Flaws could have affected smart homes and critical infrastructure

A popular operating system used by Internet of Things (IoT) devices was found to harbor 13 serious vulnerabilities, including remote code execution bugs.

The flaws, which could allow hackers to completely compromise smart systems, were discovered in FreeRTOS by security firm Zimperium.

FreeRTOS is an open source OS kernel which has been ported to 40 hardware platforms, according to the researchers.

It was taken over by Amazon Web Services (AWS) in November 2017, which took stewardship of the kernel and its components.
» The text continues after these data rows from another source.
lemma inv_count_swap:
  assumes "finite S" "finite T" "S \<inter> T = {}"
  shows "inv_count S T + inv_count T S = card S * card T"
proof -
  have "S \<times> T = {(s,t). s \<in> S \<and> t \<in> T \<and> t < s} \<union> (\<lambda>(a,b). (b,a)) ` {(t,s). t \<in> T \<and> s \<in> S \<and> s < t}"
    using assms(3) by (auto simp: image_iff)
  moreover have "card ((\<lambda>(a,b). (b,a)) ` {(t,s). t \<in> T \<and> s \<in> S \<and> s < t}) = card {(t,s). t \<in> T \<and> s \<in> S \<and> s < t}"
    by (rule card_image) (auto simp: inj_on_def)
  moreover have "finite {(s,t). s \<in> S \<and> t \<in> T \<and> t < s}"
    by (rule finite_subset[of _ "S \<times> T"]) (use assms in auto)
  moreover have "finite {(t,s). t \<in> T \<and> s \<in> S \<and> s < t}"
    by (rule finite_subset[of _ "T \<times> S"]) (use assms in auto)
  moreover have "{(s,t). s \<in> S \<and> t \<in> T \<and> t < s} \<inter> (\<lambda>(a,b). (b,a)) ` {(t,s). t \<in> T \<and> s \<in> S \<and> s < t} = {}"
    by auto
  ultimately have "card (S \<times> T) = inv_count S T + inv_count T S"
    unfolding inv_count_def by (simp add: card_Un_disjoint)
  then show ?thesis by (simp add: card_cartesian_product)
qed

lemma isign_un_left: "finite S \<Longrightarrow> finite R \<Longrightarrow> finite T \<Longrightarrow> S \<inter> R = {} \<Longrightarrow> isign (S \<union> R) T = isign S T * isign R T"
  by (simp add: isign_def inv_count_un_left power_add)

lemma isign_un_right: "finite S \<Longrightarrow> finite R \<Longrightarrow> finite T \<Longrightarrow> T \<inter> R = {} \<Longrightarrow> isign S (T \<union> R) = isign S T * isign S R"
  by (simp add: isign_def inv_count_un_right power_add)

lemma isign_sq: "isign S T * isign S T = 1"
  by (simp add: isign_def flip: power_add)

lemma isign_swap: "finite S \<Longrightarrow> finite T \<Longrightarrow> S \<inter> T = {} \<Longrightarrow> isign S T = (-1) ^ (card S * card T) * isign T S"
proof -
  assume a: "finite S" "finite T" "S \<inter> T = {}"
  have "(-1::complex) ^ (card S * card T) * isign T S = (-1) ^ (inv_count S T + inv_count T S) * (-1) ^ inv_count T S"
    using inv_count_swap[OF a] by (simp add: isign_def)
  also have "\<dots> = isign S T * (isign T S * isign T S)" by (simp add: isign_def power_add)
  finally show ?thesis by (simp add: isign_sq)
qed

lemma isign_empty[simp]: "isign {} T = 1" "isign S {} = 1"
  by (auto simp: isign_def inv_count_def)

section \<open>The Grassmann product: bilinearity and associativity\<close>

lemma sum_fun_apply: "(sum f A) x = (\<Sum>a\<in>A. f a x)"
  by (induct A rule: infinite_finite_induct) auto

lemma gmul_apply: "gmul a b U = (\<Sum>S\<in>Pow U. isign S (U - S) * a S * b (U - S))"
  by (simp add: gmul_def isign_def)

lemma gmul_inf: "infinite U \<Longrightarrow> gmul a b U = 0"
  by (simp add: gmul_apply)

lemma gmul_add_left: "gmul (a + b) c = gmul a c + gmul b c"
  by (simp add: fun_eq_iff gmul_apply algebra_simps sum.distrib)

lemma gmul_add_right: "gmul c (a + b) = gmul c a + gmul c b"
  by (simp add: fun_eq_iff gmul_apply algebra_simps sum.distrib)

lemma gmul_diff_left: "gmul (a - b) c = gmul a c - gmul b c"
  by (simp add: fun_eq_iff gmul_apply algebra_simps sum_subtractf)

lemma gmul_diff_right: "gmul c (a - b) = gmul c a - gmul c b"
  by (simp add: fun_eq_iff gmul_apply algebra_simps sum_subtractf)

lemma gmul_zero_left[simp]: "gmul 0 c = 0"
  by (simp add: fun_eq_iff gmul_apply)

lemma gmul_zero_right[simp]: "gmul c 0 = 0"
  by (simp add: fun_eq_iff gmul_apply)

lemma gmul_gsc_left: "gmul (gsc k a) c = gsc k (gmul a c)"
  by (simp add: fun_eq_iff gmul_apply gsc_def sum_distrib_left algebra_simps)

lemma gmul_gsc_right: "gmul c (gsc k a) = gsc k (gmul c a)"
  by (simp add: fun_eq_iff gmul_apply gsc_def sum_distrib_left algebra_simps)

lemma gmul_sum_left: "gmul (\<Sum>x\<in>A. f x) c = (\<Sum>x\<in>A. gmul (f x) c)"
proof (induct A rule: infinite_finite_induct)
  case (insert x F) then show ?case by (simp only: sum.insert[OF insert(1,2)] gmul_add_left insert(3))
next
  case (infinite A) then show ?case by (simp only: sum.infinite[OF infinite] gmul_zero_left)
qed (simp only: sum.empty gmul_zero_left)

lemma gmul_sum_right: "gmul c (\<Sum>x\<in>A. f x) = (\<Sum>x\<in>A. gmul c (f x))"
proof (induct A rule: infinite_finite_induct)
  case (insert x F) then show ?case by (simp only: sum.insert[OF insert(1,2)] gmul_add_right insert(3))
next
  case (infinite A) then show ?case by (simp only: sum.infinite[OF infinite] gmul_zero_right)
qed (simp only: sum.empty gmul_zero_right)

lemma gsc_add: "gsc k (a + b) = gsc k a + gsc k b"
  by (simp add: fun_eq_iff gsc_def algebra_simps)

lemma gsc_diff: "gsc k (a - b) = gsc k a - gsc k b"
  by (simp add: fun_eq_iff gsc_def algebra_simps)

lemma gsc_sum: "gsc k (\<Sum>x\<in>A. f x) = (\<Sum>x\<in>A. gsc k (f x))"
proof (induct A rule: infinite_finite_induct)
  case (insert x F) then show ?case by (simp only: sum.insert[OF insert(1,2)] gsc_add insert(3))
next
  case (infinite A) then show ?case by (simp add: gsc_def fun_eq_iff)
qed (simp add: gsc_def fun_eq_iff)

lemma gsc_gsc: "gsc k (gsc l a) = gsc (k * l) a"
  by (simp add: fun_eq_iff gsc_def)

lemma gsc_1[simp]: "gsc 1 a = a"
  by (simp add: fun_eq_iff gsc_def)

lemma gsc_0[simp]: "gsc 0 a = 0" "gsc k 0 = 0"
  by (simp_all add: fun_eq_iff gsc_def)

lemma gsc_add_scal: "gsc (k + l) a = gsc k a + gsc l a"
  by (simp add: fun_eq_iff gsc_def algebra_simps)

lemma gsc_diff_scal: "gsc (k - l) a = gsc k a - gsc l a"
  by (simp add: fun_eq_iff gsc_def algebra_simps)

lemma gsc_sum_scal: "gsc (\<Sum>x\<in>A. f x) a = (\<Sum>x\<in>A. gsc (f x) a)"
  by (induct A rule: infinite_finite_induct) (auto simp: gsc_add_scal)

lemma gsc_Suc: "gsc (of_nat (Suc k)) x = gsc (of_nat k) x + x"
  by (simp add: fun_eq_iff gsc_def algebra_simps)

text \<open>The cocycle identity behind associativity: the sign of splitting U as R, (S - R), (U - S)
  does not depend on whether R or (U - S) is split off first.\<close>
lemma isign_cocycle:
  assumes RS: "R \<subseteq> S" "S \<subseteq> U" and fin: "finite U"
  shows "isign R (U - R) * isign (S - R) (U - S) = isign S (U - S) * isign R (S - R)"
proof -
  have fR: "finite R" "finite S" "finite (U - S)" "finite (S - R)"
    using RS fin by (auto intro: finite_subset)
  have "isign R ((S - R) \<union> (U - S)) = isign R (S - R) * isign R (U - S)"
    by (rule isign_un_right) (use fR in auto)
  moreover have "U - R = (S - R) \<union> (U - S)" using RS by auto
  ultimately have "isign R (U - R) = isign R (S - R) * isign R (U - S)" by simp
  moreover have "S = R \<union> (S - R)" using RS by auto
  then have "isign S (U - S) = isign R (U - S) * isign (S - R) (U - S)"
    using fR by (metis Diff_disjoint isign_un_left)
  ultimately show ?thesis by simp
qed

text \<open>Associativity: both sides are sums over ordered decompositions U = R + Q + (U-R-Q); the signs agree by additivity of the inversion count.\<close>
lemma gmul_assoc: "gmul (gmul a b) c = gmul a (gmul b c)"
proof (rule ext)
  fix U
  show "gmul (gmul a b) c U = gmul a (gmul b c) U"
  proof (cases "finite U")
    case False then show ?thesis by (simp add: gmul_inf)
  next
    case fin: True
    have "gmul (gmul a b) c U = (\<Sum>S\<in>Pow U. \<Sum>R\<in>Pow S. isign S (U - S) * isign R (S - R) * a R * b (S - R) * c (U - S))"
      by (simp add: gmul_apply sum_distrib_left sum_distrib_right mult.assoc)
    also have "\<dots> = (\<Sum>(S,R)\<in>Sigma (Pow U) Pow. isign S (U - S) * isign R (S - R) * a R * b (S - R) * c (U - S))"
      using fin by (subst sum.Sigma) (auto intro: finite_subset)
    also have "\<dots> = (\<Sum>(R,Q)\<in>Sigma (Pow U) (\<lambda>R. Pow (U - R)). isign R (U - R) * isign Q (U - R - Q) * a R * b Q * c (U - R - Q))"
    proof (rule sum.reindex_bij_witness[where i = "\<lambda>(R,Q). (R \<union> Q, R)" and j = "\<lambda>(S,R). (R, S - R)"])
      fix x assume x: "x \<in> Sigma (Pow U) Pow"
      obtain S R where xe: "x = (S,R)" by (cases x)
      with x have RS: "R \<subseteq> S" "S \<subseteq> U" by auto
      have e1: "U - R - (S - R) = U - S" using RS by auto
      have "isign R (U - R) * isign (S - R) (U - S) = isign S (U - S) * isign R (S - R)"
        using RS fin by (rule isign_cocycle)
      then show "(\<lambda>(R,Q). isign R (U - R) * isign Q (U - R - Q) * a R * b Q * c (U - R - Q)) ((\<lambda>(S,R). (R, S - R)) x) =
           (\<lambda>(S,R). isign S (U - S) * isign R (S - R) * a R * b (S - R) * c (U - S)) x"
        using RS by (simp add: xe e1 algebra_simps)
    qed auto
    also have "\<dots> = (\<Sum>R\<in>Pow U. \<Sum>Q\<in>Pow (U - R). isign R (U - R) * isign Q (U - R - Q) * a R * b Q * c (U - R - Q))"
      using fin by (subst sum.Sigma) (auto intro: finite_subset)
    also have "\<dots> = gmul a (gmul b c) U"
      by (simp add: gmul_apply sum_distrib_left sum_distrib_right mult_ac Diff_Un)
    finally show ?thesis .
  qed
qed

definition basis :: "nat set \<Rightarrow> grass" where
  "basis S = (\<lambda>U. if U = S then 1 else 0)"

lemma gone_basis: "gone = basis {}" by (simp add: gone_def basis_def fun_eq_iff)

lemma gen_basis: "gen i = basis {i}" by (simp add: gen_def basis_def fun_eq_iff)

lemma gen_empty: "gen k {} = 0" by (simp add: gen_def)

lemma gmul_empty: "gmul x y {} = x {} * y {}"
  by (simp add: gmul_apply)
The vulnerabilities affected FreeRTOS versions up to v10.0.1 (with FreeRTOS+TCP) and AWS FreeRTOS up to v1.3.1, as well as commercial versions OpenRTOS, and SafeRTOS (with WHIS TCP/IP components), maintained by WHIS Connect.

These bugs have now been patched by Amazon, in cooperation with Zimperium, researcher Ori Karliner confirmed.

He wrote: “These vulnerabilities allow an attacker to crash the device, leak information from the device’s memory, and remotely execute code on it, thus completely compromising it.

“We disclosed these vulnerabilities to Amazon, and collaborated (and continue to do so) with them to produce patches to the vulnerabilities we detected.”

He added: “Since this is an open source project, we will wait for 30 days before publishing technical details about our findings, to allow smaller vendors to patch the vulnerabilities.”